# What the exercise asks
Count the lines that contain the string "dots" in the records beneath, and respond with the number only.

# Records provided
lemma funpow_g_eq_funpow: "t \<in> T \<Longrightarrow> \<exists>n. (f ^^ n) t = (g ^^ m) t"
proof (induction m)
  case 0
  then show ?case by (auto intro: exI[of _ 0])
next
  case (Suc m)
  then obtain n where n: "(f ^^ n) t = (g ^^ m) t"
    by blast
  have "(g ^^ m) t \<in> T"
    using funpow_in_invariant[of g T] g_in Suc.prems by blast
  then obtain k where "g ((g ^^ m) t) = (f ^^ k) ((g ^^ m) t)"
    using returns by blast
  then have "(g ^^ Suc m) t = (f ^^ (k + n)) t"
    by (simp add: funpow_add n)
  then show ?case
    by metis
qed

lemma funpow_eq_funpow_g:
  "t \<in> T \<Longrightarrow> (f ^^ n) t \<in> T \<Longrightarrow> \<exists>m. (g ^^ m) t = (f ^^ n) t"
proof (induction n arbitrary: t rule: less_induct)
  case (less n)
  show ?case
  proof (cases "n = 0")
    case True
    then show ?thesis by (auto intro: exI[of _ 0])
  next
    case False
    obtain k where k: "first_return_time f T t k" "g t = (f ^^ k) t"
      using returns less.prems(1) by blast
    have "k \<le> n"
      using k(1) less.prems(2) False unfolding first_return_time_def by (meson not_le not_gr_zero)
    then have "(f ^^ n) t = (f ^^ (n - k)) (g t)"
      using k(2) by (metis funpow_add le_add_diff_inverse2 o_apply)
    moreover have "n - k < n"
      using k(1) \<open>k \<le> n\<close> False unfolding first_return_time_def by simp
    ultimately obtain m where "(g ^^ m) (g t) = (f ^^ n) t"
      using less.IH g_in less.prems by metis
    then have "(g ^^ Suc m) t = (f ^^ n) t"
      by (simp add: funpow_Suc_right del: funpow.simps)
    then show ?thesis
      by blast
  qed
qed

lemma orbit_class_inter:
  assumes "t \<in> T"
  shows "orbit_rel U f `` {t} \<inter> T = orbit_rel T g `` {t}"
  using assms subset funpow_eq_funpow_g funpow_g_eq_funpow funpow_in_invariant[of g T, OF _ assms] g_in
  unfolding orbit_rel_def by (fastforce simp: image_subset_iff)

theorem card_orbits:
  "card (U // orbit_rel U f) =
     card (T // orbit_rel T g) + card {Q \<in> U // orbit_rel U f. Q \<inter> T = {}}"
proof -
  let ?E = "orbit_rel U f"
  have eqv: "equiv U ?E"
    using equiv_orbit_rel[OF finite bij] .
  have "finite (U // ?E)"
    using finite_quotient[OF finite] eqv unfolding equiv_def refl_on_def by blast
  then have split: "card (U // ?E) =
      card {Q \<in> U // ?E. Q \<inter> T \<noteq> {}} + card {Q \<in> U // ?E. Q \<inter> T = {}}"
    by (subst card_Un_disjoint[symmetric]) (auto intro: arg_cong[where f = card])
  have "bij_betw (\<lambda>Q. Q \<inter> T) {Q \<in> U // ?E. Q \<inter> T \<noteq> {}} (T // orbit_rel T g)"
  proof (rule bij_betwI')
    fix Q1 Q2 assume "Q1 \<in> {Q \<in> U // ?E. Q \<inter> T \<noteq> {}}" "Q2 \<in> {Q \<in> U // ?E. Q \<inter> T \<noteq> {}}"
    then show "(Q1 \<inter> T = Q2 \<inter> T) = (Q1 = Q2)"
      using quotient_disj[OF eqv] by blast
  next
    fix Q assume Q: "Q \<in> {Q \<in> U // ?E. Q \<inter> T \<noteq> {}}"
    then obtain t where t: "t \<in> Q" "t \<in> T"
      by auto
    obtain x where "x \<in> U" "Q = ?E `` {x}"
      using Q by (auto elim!: quotientE)
    then have "Q = ?E `` {t}"
      using t(1) equiv_class_eq[OF eqv] by auto
    then show "Q \<inter> T \<in> T // orbit_rel T g"
      using orbit_class_inter[OF t(2)] t(2) unfolding quotient_def by auto
  next
    fix Y assume "Y \<in> T // orbit_rel T g"
    then obtain t where t: "t \<in> T" "Y = orbit_rel T g `` {t}"
      unfolding quotient_def by auto
    moreover have "?E `` {t} \<in> U // ?E" "t \<in> ?E `` {t}"
      using t subset equiv_class_self[OF eqv] unfolding quotient_def by auto
    ultimately show "\<exists>Q\<in>{Q \<in> U // ?E. Q \<inter> T \<noteq> {}}. Y = Q \<inter> T"
      using orbit_class_inter[OF t(1)] by (intro bexI[of _ "?E `` {t}"]) auto
  qed
  with split show ?thesis
    by (simp add: bij_betw_same_card)
qed

end

lemma rtrancl_class_subset_orbit_image:
  assumes step_inverse: "\<And>q z. q \<in> U \<Longrightarrow> (\<phi> q, z) \<in> R \<union> R\<inverse> \<Longrightarrow>
                 \<exists>q'\<in>U. z = \<phi> q' \<and> (q' = f q \<or> f q' = q)"
    and fin: "finite U" and bij: "bij_betw f U U" and p: "p \<in> U"
  shows "(R \<union> R\<inverse>)\<^sup>* `` {\<phi> p} \<subseteq> \<phi> ` (orbit_rel U f `` {p})"
proof
  have eqv: "equiv U (orbit_rel U f)"
    using equiv_orbit_rel[OF fin bij] .
  have f_in: "f q \<in> U" if "q \<in> U" for q
    using bij that bij_betwE by blast
  fix z assume "z \<in> (R \<union> R\<inverse>)\<^sup>* `` {\<phi> p}"
  then have "(\<phi> p, z) \<in> (R \<union> R\<inverse>)\<^sup>*"
    by simp
  then show "z \<in> \<phi> ` (orbit_rel U f `` {p})"
  proof (induction rule: rtrancl_induct)
    case base
    then show ?case
      using equiv_class_self[OF eqv p] by blast
  next
    case (step y z)
    then obtain q where q: "(p, q) \<in> orbit_rel U f" "y = \<phi> q"
      by blast
    then have "q \<in> U"
      unfolding orbit_rel_def by auto
    then obtain q' where q': "q' \<in> U" "z = \<phi> q'" "q' = f q \<or> f q' = q"
      using step_inverse step(2) q(2) by blast
    have "(q, f q) \<in> orbit_rel U f" "(q', f q') \<in> orbit_rel U f"
      using \<open>q \<in> U\<close> q'(1) f_in unfolding orbit_rel_def by (auto intro: exI[of _ 1])
    then have "(q, q') \<in> orbit_rel U f"
      using q'(3) eqv by (metis equiv_def symD)
    then have "(p, q') \<in> orbit_rel U f"
      using q(1) eqv by (meson equiv_def transD)
    then show ?case
      using q'(2) by blast
  qed
qed

lemma orbit_image_subset_rtrancl_class:
  assumes step: "\<And>q. q \<in> U \<Longrightarrow> (\<phi> q, \<phi> (f q)) \<in> R"
    and bij: "bij_betw f U U" and p: "p \<in> U"
  shows "\<phi> ` (orbit_rel U f `` {p}) \<subseteq> (R \<union> R\<inverse>)\<^sup>* `` {\<phi> p}"
proof
  fix z assume "z \<in> \<phi> ` (orbit_rel U f `` {p})"
  then obtain n where z: "z = \<phi> ((f ^^ n) p)"
    unfolding orbit_rel_def by blast
  have "(\<phi> p, \<phi> ((f ^^ n) p)) \<in> (R \<union> R\<inverse>)\<^sup>*" for n
  proof (induction n)
    case (Suc n)
    have "(f ^^ n) p \<in> U"
      using bij_betwE[OF bij_betw_funpow[OF bij]] p by blast
    then show ?case
      using Suc step by (auto intro: rtrancl_into_rtrancl)
  qed simp
  then show "z \<in> (R \<union> R\<inverse>)\<^sup>* `` {\<phi> p}"
    using z by simp
qed
lemma Delta_remove_pendant_edge:
  assumes "wf_edges ends X" "e \<in> X" "{f\<in>X. v \<in> ends f} = {e}"
  shows "Delta ends X \<le> Delta ends (X - {e})"
proof -
  have v: "v \<in> verts ends X" using assms(2,3) unfolding verts_def by auto
  have "verts ends (X - {e}) \<subseteq> verts ends X - {v}"
    using assms(3) unfolding verts_def by auto
  then have "card (verts ends (X - {e})) \<le> card (verts ends X) - 1"
    using v finite_verts[OF assms(1)] by (metis card_Diff_singleton card_mono finite_Diff)
  moreover have "card (X - {e}) = card X - 1" "card X \<ge> 1" "card (verts ends X) \<ge> 1"
    using assms v finite_verts[OF assms(1)] unfolding wf_edges_def
    by (auto simp: Suc_le_eq card_gt_0_iff)
  ultimately show ?thesis unfolding Delta_def by linarith
qed

lemma Delta_diff:
  assumes "wf_edges ends X" "D \<subseteq> X"
  shows "Delta ends X - Delta ends D = int (card (X - D)) - int (card (verts ends X - verts ends D))"
proof -
  have fin: "finite X" "finite (verts ends X)"
    using assms(1) finite_verts unfolding wf_edges_def by auto
  have "verts ends D \<subseteq> verts ends X" using assms(2) by (rule verts_mono)
  then have "card (verts ends X - verts ends D) = card (verts ends X) - card (verts ends D)"
    "card (verts ends D) \<le> card (verts ends X)"
    using fin(2) by (auto intro: card_Diff_subset card_mono finite_subset)
  moreover have "card (X - D) = card X - card D" "card D \<le> card X"
    using fin(1) assms(2) by (auto intro: card_Diff_subset card_mono finite_subset)
  ultimately show ?thesis unfolding Delta_def by simp
qed

lemma exists_subset_Delta_eq:
  assumes "wf_edges ends D" "j \<le> Delta ends D" "1 \<le> j"
  shows "\<exists>D'\<subseteq>D. D' \<noteq> {} \<and> Delta ends D' = j"
  using assms
proof (induction "card D" arbitrary: D rule: less_induct)
  case less
  show ?case
  proof (cases "Delta ends D = j")
    case True
    then show ?thesis using less.prems by force
  next
    case False
    have "D \<noteq> {}" using less.prems by auto
    then obtain e where e: "e \<in> D" by blast
    have "j \<le> Delta ends (D - {e})"
      using Delta_remove_edge_ge[OF less.prems(1) e] less.prems(2) False by linarith
    moreover have "card (D - {e}) < card D"
      using less.prems(1) e unfolding wf_edges_def by (meson card_Diff1_less)
    ultimately show ?thesis
      using less.hyps[of "D - {e}"] less.prems wf_edges_subset[of ends D "D - {e}"] by blast
  qed
qed

lemma deg_Un_disjoint:
  assumes "finite A" "finite B" "A \<inter> B = {}"
  shows "deg ends (A \<union> B) v = deg ends A v + deg ends B v"
proof -
  have "{e\<in>A \<union> B. P e} = {e\<in>A. P e} \<union> {e\<in>B. P e}" for P by auto
  moreover have "card ({e\<in>A. P e} \<union> {e\<in>B. P e}) = card {e\<in>A. P e} + card {e\<in>B. P e}" for P
    using assms by (intro card_Un_disjoint) auto
  ultimately show ?thesis unfolding deg_def by simp
qed

lemma deg_mono: "finite Y \<Longrightarrow> Z \<subseteq> Y \<Longrightarrow> deg ends Z v \<le> deg ends Y v"
  using deg_Un_disjoint[of Z "Y - Z" ends v] by (simp add: Un_absorb1 finite_subset)

lemma deg_singleton:
  "deg ends {e} v = (if v \<in> ends e \<and> card (ends e) = 2 then 1 else 0) + (if ends e = {v} then 2 else 0)"
  unfolding deg_def by (simp add: Collect_conv_if)

lemma deg_eq_sum_singletons: "finite X \<Longrightarrow> deg ends X v = (\<Sum>e\<in>X. deg ends {e} v)"
proof (induction X rule: finite_induct)
  case empty
  then show ?case by (simp add: deg_def)
next
  case (insert e X)
  have "deg ends (insert e X) v = deg ends {e} v + deg ends X v"
    using deg_Un_disjoint[of "{e}" X ends v] insert by simp
  then show ?case using insert by simp
qed

lemma deg_singleton_pos:
  "wf_edges ends X \<Longrightarrow> e \<in> X \<Longrightarrow> v \<in> ends e \<Longrightarrow> 1 \<le> deg ends {e} v"
  unfolding wf_edges_def by (auto simp: deg_singleton card_1_singleton_iff)

lemma sum_deg_singleton:
  assumes "card (ends e) \<in> {1, 2}" "finite S" "ends e \<subseteq> S"
  shows "(\<Sum>v\<in>S. deg ends {e} v) = 2"
proof -
  have "(\<Sum>v\<in>S. deg ends {e} v) = (\<Sum>v\<in>ends e. deg ends {e} v)"
    using assms(2,3) by (intro sum.mono_neutral_right) (auto simp: deg_singleton)
  also have "\<dots> = 2"
  proof (cases "card (ends e) = 2")
    case True
    then have "ends e \<noteq> {v}" for v by auto
    then show ?thesis using True by (simp add: deg_singleton)
  next
    case False
    then show ?thesis using assms(1) by (auto simp: deg_singleton card_1_singleton_iff)
  qed
  finally show ?thesis .
qed

lemma sum_deg_verts:
  assumes "wf_edges ends X"
  shows "(\<Sum>v\<in>verts ends X. deg ends X v) = 2 * card X"
proof -
  have fin: "finite X" "finite (verts ends X)"
    using assms finite_verts[OF assms] unfolding wf_edges_def by auto
  have "(\<Sum>v\<in>verts ends X. deg ends X v) = (\<Sum>e\<in>X. \<Sum>v\<in>verts ends X. deg ends {e} v)"
    unfolding deg_eq_sum_singletons[OF fin(1)] by (rule sum.swap)
  also have "\<dots> = (\<Sum>e\<in>X. 2)"
    using assms fin(2) unfolding wf_edges_def verts_def
    by (intro sum.cong refl sum_deg_singleton) auto
  finally show ?thesis by simp
qed

lemma deg_pos:
  assumes "wf_edges ends X" "v \<in> verts ends X" shows "1 \<le> deg ends X v"
proof -
  obtain e where e: "e \<in> X" "v \<in> ends e" using assms(2) unfolding verts_def by auto
  have "1 \<le> deg ends {e} v"
    using deg_singleton_pos[OF assms(1) e] .
  also have "\<dots> \<le> deg ends X v"
    using assms(1) e unfolding wf_edges_def by (intro deg_mono) auto
  finally show ?thesis .
qed

lemma deg_subset_eq:
  assumes "Z \<subseteq> Y" "\<forall>g\<in>Y. v \<in> ends g \<longrightarrow> g \<in> Z"
  shows "deg ends Z v = deg ends Y v"
proof -
  have "{e\<in>Z. v \<in> ends e \<and> P e} = {e\<in>Y. v \<in> ends e \<and> P e}" for P
    using assms by auto
  moreover have "{e\<in>Z. ends e = {v}} = {e\<in>Y. ends e = {v}}" using assms by auto
  ultimately show ?thesis unfolding deg_def by simp
qed

lemma deg_remove_edge:
  "finite X \<Longrightarrow> e \<in> X \<Longrightarrow> deg ends X v = deg ends {e} v + deg ends (X - {e}) v"
  using deg_Un_disjoint[of "{e}" "X - {e}" ends v] by (simp add: insert_absorb)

# Output of the task
3